Hi David,
You asked for a monitoring solution that will alert you if your site is modified or gets hacked/with malware.
You could try http://sucuri.net. That's exactly what it does :)
As far as your malware problem, we are seeing a large number of desktop virus stealing FTP/SFTP credentials stored on FTP/SFTP clients. Have you changed your password? Are you running a good AV as well?
Thanks,
(Not sure if there's a better place to ask this)
My Drupal site was hacked recently. index.php was modified at the top to include another file which was a static page with a lot of nonsense about Cialis but also had a nasty <?php eval(gzinflate(base64_decode([string])) ?> at the bottom.
I don't know whether it was a Drupal issue: I was running 6.14 and had a couple of modules that were one step behind on upgrading, but nothing that seemed too dangerous. All vistiors to my site are anonymous and can't upload any files etc.

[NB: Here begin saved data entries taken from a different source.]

(* Let $s,t\in\mathbb{R}$ with $s\ne0$, $t\neq0$, $s^2+4t>0$, and let $a,\xi\in\mathbb{C}$. Consider the equation $(\mathbf{D}_{s,t}y)(x)=a\,y(\varphi_{s,t}x)$. (All identities below are asserted at points where the involved series converge.) (1) $f(x)=\xi\,\mathrm{Exp}_{s,t}(ax)$ is a solution with $f(0)=\xi$. (2) For $\eta$ with $\mathrm{Exp}_{s,t}(a\eta)$ and $\mathrm{Exp}'_{s,t}(-a\eta)$ convergent, $f(x)=\xi\,\mathrm{Exp}_{s,t}(ax)\,\mathrm{Exp}'_{s,t}(-a\eta)$ is a solution with $f(\eta)=\xi$. (3) If $\eta>0$ and $f(x)=\mathrm{Exp}_{s,t}(ax)\mathrm{Exp}'_{s,t}(-a\eta)$ (a solution with $f(\eta)=1$), then for every function $p$ with $p(qy)=p(y)$ for all $y\ne0$, where $q=\varphi'_{s,t}/\varphi_{s,t}$, the function $g(x)=p(x)f(x)$ is also a solution, and $g(\eta)=p(\eta)$.
   Context: $\varphi_{s,t}=\frac{s+\sqrt{s^2+4t}}{2}$, $\varphi'_{s,t}=\frac{s-\sqrt{s^2+4t}}{2}$. Generalized Fibonacci polynomials: $\{0\}_{s,t}=0$, $\{1\}_{s,t}=1$, $\{n+2\}_{s,t}=s\{n+1\}_{s,t}+t\{n\}_{s,t}$; Fibotorial $\{n\}_{s,t}!=\prod_{k=1}^n\{k\}_{s,t}$, $\{0\}_{s,t}!=1$. $\mathrm{Exp}_{s,t}(z)=\sum_{n\ge0}\varphi_{s,t}^{\binom n2}z^n/\{n\}_{s,t}!$, $\mathrm{Exp}'_{s,t}(z)=\sum_{n\ge0}\varphi_{s,t}'^{\,\binom n2}z^n/\{n\}_{s,t}!$. The $(s,t)$-derivative: $(\mathbf{D}_{s,t}f)(x)=\frac{f(\varphi_{s,t}x)-f(\varphi'_{s,t}x)}{(\varphi_{s,t}-\varphi'_{s,t})x}$ for $x\ne0$, $(\mathbf{D}_{s,t}f)(0)=f'(0)$. In the paper the $q$-periodic functions are written $G(\log_q(x))$ with $G$ periodic of period one. *)

theory Defs
  imports "HOL-Analysis.Analysis"
begin

definition phi :: "real \<Rightarrow> real \<Rightarrow> real" where
  "phi s t = (s + sqrt (s\<^sup>2 + 4 * t)) / 2"

definition phi' :: "real \<Rightarrow> real \<Rightarrow> real" where
  "phi' s t = (s - sqrt (s\<^sup>2 + 4 * t)) / 2"

fun fibp :: "real \<Rightarrow> real \<Rightarrow> nat \<Rightarrow> real" where
  "fibp s t 0 = 0"
| "fibp s t (Suc 0) = 1"
| "fibp s t (Suc (Suc n)) = s * fibp s t (Suc n) + t * fibp s t n"

definition fibfact :: "real \<Rightarrow> real \<Rightarrow> nat \<Rightarrow> real" where
  "fibfact s t n = (\<Prod>k = 1..n. fibp s t k)"

definition Exp_term :: "real \<Rightarrow> real \<Rightarrow> complex \<Rightarrow> nat \<Rightarrow> complex" where
  "Exp_term s t z n = complex_of_real (phi s t ^ (n choose 2)) * z ^ n / complex_of_real (fibfact s t n)"

definition Exp'_term :: "real \<Rightarrow> real \<Rightarrow> complex \<Rightarrow> nat \<Rightarrow> complex" where
  "Exp'_term s t z n = complex_of_real (phi' s t ^ (n choose 2)) * z ^ n / complex_of_real (fibfact s t n)"

definition Exp_st :: "real \<Rightarrow> real \<Rightarrow> complex \<Rightarrow> complex" where
  "Exp_st s t z = (\<Sum>n. Exp_term s t z n)"

definition Exp'_st :: "real \<Rightarrow> real \<Rightarrow> complex \<Rightarrow> complex" where
  "Exp'_st s t z = (\<Sum>n. Exp'_term s t z n)"

definition stD :: "real \<Rightarrow> real \<Rightarrow> (real \<Rightarrow> complex) \<Rightarrow> real \<Rightarrow> complex" where
  "stD s t f x = (if x = 0 then vector_derivative f (at 0)
     else (f (phi s t * x) - f (phi' s t * x)) / complex_of_real ((phi s t - phi' s t) * x))"

text \<open>y solves (D y)(x) = a y(phi x) at the point x (at x = 0 we also require that
  f'(0) exists, so that (D y)(0) is meaningful).\<close>
definition solves_at :: "real \<Rightarrow> real \<Rightarrow> complex \<Rightarrow> (real \<Rightarrow> complex) \<Rightarrow> real \<Rightarrow> bool" where
  "solves_at s t a y x \<longleftrightarrow> (x = 0 \<longrightarrow> y differentiable (at 0)) \<and> stD s t y x = a * y (phi s t * x)"

end

theory Submission
  imports Defs
begin

(*
  Write E_psi(z) = sum_n psi^(n choose 2) z^n / {n}! for psi = phi, phi', so that Exp = E_phi and
  Exp' = E_phi'. Binet's formula {n} = (phi^n - phi'^n) / (phi - phi') turns the coefficient
  recurrence {n+1} c_(n+1) = psi^n c_n into the termwise identity
  E_phi(phi z) - E_phi(phi' z) = (phi - phi') z E_phi(phi z), which is the equation D y = a y(phi x)
  for y(x) = Exp(a x); D is linear, and a factor p with p(phi' x) = p(phi x) passes through it.
  The addition rule {i+j} = phi^j {i} + phi'^i {j} makes all coefficients of the Cauchy product of
  Exp(z) and Exp'(-z) vanish except the constant one, so Exp(z) Exp'(-z) = 1, which gives the
  values at eta. The Cauchy product needs absolute convergence: with mu = max |phi| |phi'|, the
  ratio test gives it when |psi| < mu or |z| (phi - phi') < mu, and otherwise the terms stay above
  a positive constant, so the series diverges.
*)

section \<open>Binet's formula\<close>

lemma phi_add_phi': "phi s t + phi' s t = s"
  by (simp add: phi_def phi'_def field_simps)

lemma phi_diff_phi': "phi s t - phi' s t = sqrt (s\<^sup>2 + 4 * t)"
  by (simp add: phi_def phi'_def field_simps)

lemma phi_mult_phi':
  assumes "s\<^sup>2 + 4 * t \<ge> 0"
  shows "phi s t * phi' s t = - t"
proof -
  have "sqrt (s\<^sup>2 + 4 * t) ^ 2 = s\<^sup>2 + 4 * t"
    using assms by simp
  then show ?thesis
    by (simp add: phi_def phi'_def field_simps power2_eq_square)
qed

lemma phi_gt_phi':
  assumes "s\<^sup>2 + 4 * t > 0"
  shows "phi' s t < phi s t"
  using assms phi_diff_phi'[of s t] real_sqrt_gt_0_iff[of "s\<^sup>2 + 4 * t"] by linarith

lemma phi_nonzero:
  assumes "s\<^sup>2 + 4 * t \<ge> 0" "t \<noteq> 0"
  shows "phi s t \<noteq> 0" "phi' s t \<noteq> 0"
  using phi_mult_phi'[OF assms(1)] assms(2) by auto

lemma abs_phi_neq_abs_phi':
  assumes "s\<^sup>2 + 4 * t > 0" "s \<noteq> 0"
  shows "\<bar>phi s t\<bar> \<noteq> \<bar>phi' s t\<bar>"
  using phi_gt_phi'[OF assms(1)] phi_add_phi'[of s t] assms(2) by (auto simp: abs_if split: if_splits)

lemma fibp_Binet:
  assumes "s\<^sup>2 + 4 * t > 0"
  shows "fibp s t n = (phi s t ^ n - phi' s t ^ n) / (phi s t - phi' s t)"
proof (induction n rule: induct_nat_012)
  case (ge2 n)
  define p p' where "p = phi s t" and "p' = phi' s t"
  have "fibp s t (Suc (Suc n)) = (p + p') * fibp s t (Suc n) - p * p' * fibp s t n"
    using phi_add_phi'[of s t] phi_mult_phi'[of s t] assms by (simp add: p_def p'_def)
  also have "\<dots> = ((p + p') * (p ^ Suc n - p' ^ Suc n) - p * p' * (p ^ n - p' ^ n)) / (p - p')"
    unfolding ge2[folded p_def p'_def] by (simp add: right_diff_distrib diff_divide_distrib)
  also have "(p + p') * (p ^ Suc n - p' ^ Suc n) - p * p' * (p ^ n - p' ^ n) = p ^ Suc (Suc n) - p' ^ Suc (Suc n)"
    by (simp add: algebra_simps)
  finally show ?case by (simp add: p_def p'_def)
qed (use phi_gt_phi'[OF assms] in auto)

My site is hosted on Rackspace Cloud Sites and I use SFTP. I'm not aware of anything dodgy on my local system (Kaspersky doesn't report anything).
I've edited index.php and deleted a few files I have found on the site.
I've changed my FTP password.
Is there anything I can do on a production site to make sure this doesn't happen again? Without knowing where the attack came from I'm a bit concerned. Would copying index.php to (say) front.php, get htaccess to use that as the default page, and create a dummy index.php fool an automated attack? Probably not.
Alternatively, does anyone know of a good monitoring service that would text me if a page on a site changes, so at least I know straightaway if this happens again, rather than it being up over a weekend.